Using OpenLineage integration

OpenLineage is an open framework for data lineage collection and analysis. At its core is an extensible specification that systems can use to interoperate with lineage metadata. Check out OpenLineage docs.

No change to user DAG files is required to use OpenLineage. Basic configuration is needed so that OpenLineage knows where to send events.



OpenLineage Provider offers a diverse range of data transport options (http, kafka, file etc.), including the flexibility to create a custom solution. Configuration can be managed through several approaches and there is an extensive array of settings available for users to fine-tune and enhance their use of OpenLineage. For a comprehensive explanation of these features, please refer to the subsequent sections of this document.

This example is a basic demonstration of OpenLineage setup.

  1. Install provider package or add it to requirements.txt file.

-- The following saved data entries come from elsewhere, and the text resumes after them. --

lemma lipschitz_on_closest_point_segment_ST: "1-lipschitz_on U (closest_point segment_ST)"
  by (rule lipschitz_onI)
    (simp_all add: closest_point_lipschitz convex_segment_ST closed_segment_ST segment_ST_nonempty)

text \<open>If P = M, then d = 0 and s / d = 0, so the first branch is the constant P.\<close>
definition head_to_segment ::
    "real \<Rightarrow> real \<Rightarrow> real \<Rightarrow> (real \<Rightarrow> real \<times> real) \<Rightarrow> real \<Rightarrow> real \<times> real" where
  "head_to_segment x y m H s = (let d = dist (x, y) (m, 0) in
     if s \<le> d then (x, y) + (s / d) *\<^sub>R ((m, 0) - (x, y)) else closest_point segment_ST (H s))"

lemma head_to_segment_arrival: "head_to_segment x y m H (dist (x, y) (m, 0)) = (m, 0)"
  unfolding head_to_segment_def Let_def if_P[OF order_refl] by (rule straight_line_end)

lemma online_alg_head_to_segment:
  assumes M: "(m, 0) \<in> segment_ST"
    and H: "1-lipschitz_on {dist (x, y) (m, 0)..} H" "H (dist (x, y) (m, 0)) = (m, 0)"
  shows "online_alg x y (head_to_segment x y m H)"
  unfolding online_alg_iff_lipschitz lipschitz_on_atLeast_iff
proof (intro conjI allI)
  show "head_to_segment x y m H 0 = (x, y)" by (simp add: head_to_segment_def)
  fix c :: real
  define d where "d = dist (x, y) (m, 0)"
  have "1-lipschitz_on {d..max c d} (\<lambda>s. closest_point segment_ST (H s))"
    using lipschitz_on_compose2[OF lipschitz_on_subset[OF H(1)] lipschitz_on_closest_point_segment_ST]
    by (simp add: d_def subset_eq)
  moreover have "(x, y) + (d / d) *\<^sub>R ((m, 0) - (x, y)) = closest_point segment_ST (H d)"
    using straight_line_end[of "(x, y)" "(m, 0)"] H(2) M by (simp add: d_def closest_point_self)
  ultimately have "1-lipschitz_on {0..max c d} (head_to_segment x y m H)"
    using lipschitz_on_concat[OF lipschitz_on_straight_line[of "(x, y)" "(m, 0)"]]
    by (simp add: head_to_segment_def d_def Let_def)
  then show "1-lipschitz_on {0..c} (head_to_segment x y m H)"
    by (rule lipschitz_on_subset) auto
qed
lemma computable_unary_rec:
  assumes "h 0 = c" "\<And>n. h (Suc n) = s n (h n)"
    and s: "computable X 2 (\<lambda>xs. s (xs ! 0) (xs ! 1))" and f: "computable X k f"
  shows "computable X k (\<lambda>xs. h (f xs))"
proof -
  have "computable X (Suc 0) (\<lambda>xs. h (hd xs))"
    by (rule computable_prim_rec[OF computable_const s[unfolded numeral_2_eq_2]]) (simp_all add: assms)
  then have "computable X 1 (\<lambda>xs. h (hd xs))"
    by simp
  from computable_comp1[OF this f] show ?thesis
    by simp
qed

lemma computable_binary_rec:
  assumes "\<And>m. h 0 m = c m" "\<And>n m. h (Suc n) m = s n (h n m) m"
    and c: "computable X 1 (\<lambda>xs. c (xs ! 0))"
    and s: "computable X 3 (\<lambda>xs. s (xs ! 0) (xs ! 1) (xs ! 2))"
    and f: "computable X k f" and g: "computable X k g"
  shows "computable X k (\<lambda>xs. h (f xs) (g xs))"
proof -
  have "computable X (Suc (Suc 0)) (\<lambda>xs. h (xs ! 0) (xs ! 1))"
    by (rule computable_prim_rec[OF c[unfolded One_nat_def] s[unfolded numeral_3_eq_3]])
      (auto simp: assms length_Suc_conv)
  then have "computable X (Suc (Suc 0)) (\<lambda>xs. h (hd xs) (hd (tl xs)))"
    by (rule computable_cong) (auto simp: length_Suc_conv)
  then have "computable X 2 (\<lambda>xs. h (hd xs) (hd (tl xs)))"
    by (simp add: numeral_2_eq_2)
  from computable_comp2[OF this f g] show ?thesis
    by simp
qed

lemma computable_add:
  assumes "computable X k f" "computable X k g"
  shows "computable X k (\<lambda>xs. f xs + g xs)"
proof (rule computable_binary_rec[where h = "(+)" and c = "\<lambda>m. m" and s = "\<lambda>n y m. Suc y"])
  show "computable X 1 (\<lambda>xs. xs ! 0)"
    by (rule computable_proj) simp
  show "computable X 3 (\<lambda>xs. Suc (xs ! 1))"
    by (rule computable_Suc, rule computable_proj) simp
qed (simp_all add: assms)

lemma computable_mult:
  assumes "computable X k f" "computable X k g"
  shows "computable X k (\<lambda>xs. f xs * g xs)"
proof (rule computable_binary_rec[where h = "(*)" and c = "\<lambda>m. 0" and s = "\<lambda>n y m. m + y"])
  show "computable X 3 (\<lambda>xs. xs ! 2 + xs ! 1)"
    by (rule computable_add; rule computable_proj) simp_all
qed (simp_all add: assms computable_zero)

lemma computable_pred: "computable X k f \<Longrightarrow> computable X k (\<lambda>xs. f xs - 1)"
proof (rule computable_unary_rec[where h = "\<lambda>n. n - 1" and c = 0 and s = "\<lambda>n y. n"])
  show "computable X 2 (\<lambda>xs. xs ! 0)"
    by (rule computable_proj) simp
qed simp_all

lemma computable_diff:
  assumes "computable X k f" "computable X k g"
  shows "computable X k (\<lambda>xs. f xs - g xs)"
proof (rule computable_binary_rec[where h = "\<lambda>n m. m - n" and c = "\<lambda>m. m" and s = "\<lambda>n y m. y - 1"
      and f = g and g = f])
  show "computable X 1 (\<lambda>xs. xs ! 0)"
    by (rule computable_proj) simp
  show "computable X 3 (\<lambda>xs. xs ! 1 - 1)"
    by (rule computable_pred, rule computable_proj) simp
qed (simp_all add: assms)

lemma computable_power: "computable X k f \<Longrightarrow> computable X k (\<lambda>xs. c ^ f xs)"
proof (rule computable_unary_rec[where h = "\<lambda>n. c ^ n" and s = "\<lambda>n y. c * y"])
  show "computable X 2 (\<lambda>xs. c * xs ! 1)"
    by (rule computable_mult[OF computable_const computable_proj]) simp
qed simp_all

lemma computable_triangle: "computable X k f \<Longrightarrow> computable X k (\<lambda>xs. triangle (f xs))"
proof (rule computable_unary_rec[where h = triangle and s = "\<lambda>n y. y + Suc n"])
  show "computable X 2 (\<lambda>xs. xs ! 1 + Suc (xs ! 0))"
    by (intro computable_add computable_Suc computable_proj) simp_all
qed simp_all

lemma computable_If:
  assumes P: "decidable X k P" and f: "computable X k f" and g: "computable X k g"
  shows "computable X k (\<lambda>xs. if P xs then f xs else g xs)"
proof -
  have "computable X k (\<lambda>xs. (if P xs then 1 else 0) * f xs + (1 - (if P xs then 1 else 0)) * g xs)"
    using P unfolding decidable_def
    by (intro computable_add computable_mult computable_diff computable_const f g)
  then show ?thesis
    by (rule computable_cong) simp
qed

lemma decidable_not:
  assumes "decidable X k P" shows "decidable X k (\<lambda>xs. \<not> P xs)"
proof -
  have "computable X k (\<lambda>xs. if P xs then 0 else 1)"
    by (rule computable_If[OF assms computable_const computable_const])
  then show ?thesis
    unfolding decidable_def by (rule computable_cong) simp
qed

lemma decidable_conj:
  assumes "decidable X k P" "decidable X k Q" shows "decidable X k (\<lambda>xs. P xs \<and> Q xs)"
proof -
  have "computable X k (\<lambda>xs. if P xs then (if Q xs then 1 else 0) else 0)"
    using assms(2) unfolding decidable_def by (rule computable_If[OF assms(1) _ computable_const])
  then show ?thesis
    unfolding decidable_def by (rule computable_cong) simp
qed

lemma decidable_disj:
  assumes "decidable X k P" "decidable X k Q" shows "decidable X k (\<lambda>xs. P xs \<or> Q xs)"
proof -
  have "computable X k (\<lambda>xs. if P xs then 1 else (if Q xs then 1 else 0))"
    using assms(2) unfolding decidable_def by (rule computable_If[OF assms(1) computable_const])
  then show ?thesis
    unfolding decidable_def by (rule computable_cong) simp
qed

lemma decidable_eq_0: "computable X k f \<Longrightarrow> decidable X k (\<lambda>xs. f xs = 0)"
  unfolding decidable_def
  by (rule computable_unary_rec[where h = "\<lambda>n. if n = 0 then 1 else 0" and s = "\<lambda>n y. 0"])
    (simp_all add: computable_const)

lemma decidable_less:
  assumes "computable X k f" "computable X k g" shows "decidable X k (\<lambda>xs. f xs < g xs)"
  using decidable_not[OF decidable_eq_0[OF computable_diff[OF assms(2,1)]]]
  by (rule decidable_cong) auto

lemma decidable_even: "computable X k f \<Longrightarrow> decidable X k (\<lambda>xs. even (f xs))"
  unfolding decidable_def
proof (rule computable_unary_rec[where h = "\<lambda>n. if even n then 1 else 0" and s = "\<lambda>n y. 1 - y"])
  show "computable X 2 (\<lambda>xs. 1 - xs ! 1)"
    by (rule computable_diff[OF computable_const computable_proj]) simp
qed simp_all

lemma computable_div2: "computable X k f \<Longrightarrow> computable X k (\<lambda>xs. f xs div 2)"
proof (rule computable_unary_rec[where h = "\<lambda>n. n div 2" and s = "\<lambda>n y. if even n then y else Suc y"])
  show "computable X 2 (\<lambda>xs. if even (xs ! 0) then xs ! 1 else Suc (xs ! 1))"
    by (intro computable_If decidable_even computable_Suc computable_proj) simp_all
qed (auto elim: oddE)

lemma computable_Least_decidable:
  assumes "decidable X (Suc k) P" and "\<And>xs. length xs = k \<Longrightarrow> \<exists>n. P (n # xs)"
  shows "computable X k (\<lambda>xs. LEAST n. P (n # xs))"
proof -
  have "computable X k (\<lambda>xs. LEAST n. (if \<not> P (n # xs) then 1 else 0) = (0::nat))"
    using decidable_not[OF assms(1)] unfolding decidable_def
    by (rule computable_Least) (use assms(2) in auto)
  moreover have "\<And>n xs. ((if \<not> P (n # xs) then 1 else 0) = (0::nat)) \<longleftrightarrow> P (n # xs)"
    by simp
  ultimately show ?thesis
    by (simp only:)
qed

lemma decidable_imp_turing_le: "decidable X 1 (\<lambda>xs. xs ! 0 \<in> A) \<Longrightarrow> turing_le A X"
  unfolding decidable_def computable_def turing_le_def
  by (metis One_nat_def length_Cons list.size(3) nth_Cons_0)

section \<open>Turing reducibility and codes of rationals\<close>

fun subst_oracle :: "recf \<Rightarrow> recf \<Rightarrow> recf" where
  "subst_oracle p Oracle = Comp p [Proj 0]"
| "subst_oracle p (Comp f gs) = Comp (subst_oracle p f) (map (subst_oracle p) gs)"
| "subst_oracle p (PrimRec f g) = PrimRec (subst_oracle p f) (subst_oracle p g)"
| "subst_oracle p (Mu f) = Mu (subst_oracle p f)"
| "subst_oracle p Zero = Zero"
| "subst_oracle p Succ = Succ"
| "subst_oracle p (Proj i) = Proj i"

lemma eval_subst_oracle:
  assumes "eval B q xs z" and p: "\<And>n. eval C p [n] (if n \<in> B then 1 else 0)"
  shows "eval C (subst_oracle p q) xs z"
  using assms(1)
proof (induction rule: eval.induct)
  case (orc x xs)
  have "list_all2 (\<lambda>g. eval C g (x # xs)) [Proj 0] [x]"
    using eval.proj[of 0 "x # xs" C] by simp
  from eval.comp[OF this p] show ?case
    by simp
next
  case (comp xs gs ys f z)
  then have "list_all2 (\<lambda>g y. eval C g xs y) (map (subst_oracle p) gs) ys"
    by (auto simp: list_all2_map1 elim: list_all2_mono)
  with comp show ?case
    by (auto intro: eval.comp)
qed (auto intro: eval.intros)

lemma turing_le_trans: "turing_le A B \<Longrightarrow> turing_le B C \<Longrightarrow> turing_le A C"
  unfolding turing_le_def using eval_subst_oracle by blast

lemma reals_of_degrees_turing_equiv:
  assumes "x \<in> reals_of_degrees S" and "turing_equiv_real y x"
  shows "y \<in> reals_of_degrees S"
proof -
  have "turing_degree y = turing_degree x"
    using assms(2) unfolding turing_degree_def turing_equiv_real_def
    by (auto intro: turing_le_trans)
  with assms(1) show ?thesis
    unfolding reals_of_degrees_def by simp
qed

lemma computable_prod_encode:
  "computable X k f \<Longrightarrow> computable X k g \<Longrightarrow> computable X k (\<lambda>xs. prod_encode (f xs, g xs))"
  unfolding prod_encode_def by (simp add: computable_add computable_triangle)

    pip install apache-airflow-providers-openlineage
  2. Provide a Transport configuration so that OpenLineage knows where to send the events. Within airflow.cfg file

    transport = {"type": "http", "url": "", "endpoint": "api/v1/lineage"}

    or with AIRFLOW__OPENLINEAGE__TRANSPORT environment variable

    AIRFLOW__OPENLINEAGE__TRANSPORT='{"type": "http", "url": "", "endpoint": "api/v1/lineage"}'
  3. That’s it ! OpenLineage events should be sent to the configured backend when DAGs are run.


When enabled and configured, the integration requires no further action from the user. It will automatically:

  • Collect task input / output metadata (source, schema, etc.).

  • Collect task run-level metadata (execution time, state, parameters, etc.)

  • Collect task job-level metadata (owners, type, description, etc.)

  • Collect task-specific metadata (bigquery job id, python source code, etc.) - depending on the Operator

All this data will be sent as OpenLineage events to the configured backend as described in Job Hierarchy.

Transport setup

Primary, and recommended method of configuring OpenLineage Airflow Provider is Airflow configuration (airflow.cfg file). All possible configuration options, with example values, can be found in the configuration section.

At minimum, one thing that needs to be set up in every case is Transport - where do you wish for your events to end up - for example Marquez.

Transport as JSON string

The transport option in Airflow configuration is used for that purpose.

transport = {"type": "http", "url": "", "endpoint": "api/v1/lineage"}

AIRFLOW__OPENLINEAGE__TRANSPORT environment variable is an equivalent.

AIRFLOW__OPENLINEAGE__TRANSPORT='{"type": "http", "url": "", "endpoint": "api/v1/lineage"}'

If you want to look at OpenLineage events without sending them anywhere, you can set up ConsoleTransport - the events will end up in task logs.

transport = {"type": "console"}


For full list of built-in transport types, specific transport’s options or instructions on how to implement your custom transport, refer to Python client documentation.

Transport as config file

You can also configure OpenLineage Transport using a YAML file (f.e. openlineage.yml). Provide the path to the YAML file as config_path option in Airflow configuration.

config_path = '/path/to/openlineage.yml'

AIRFLOW__OPENLINEAGE__CONFIG_PATH environment variable is an equivalent.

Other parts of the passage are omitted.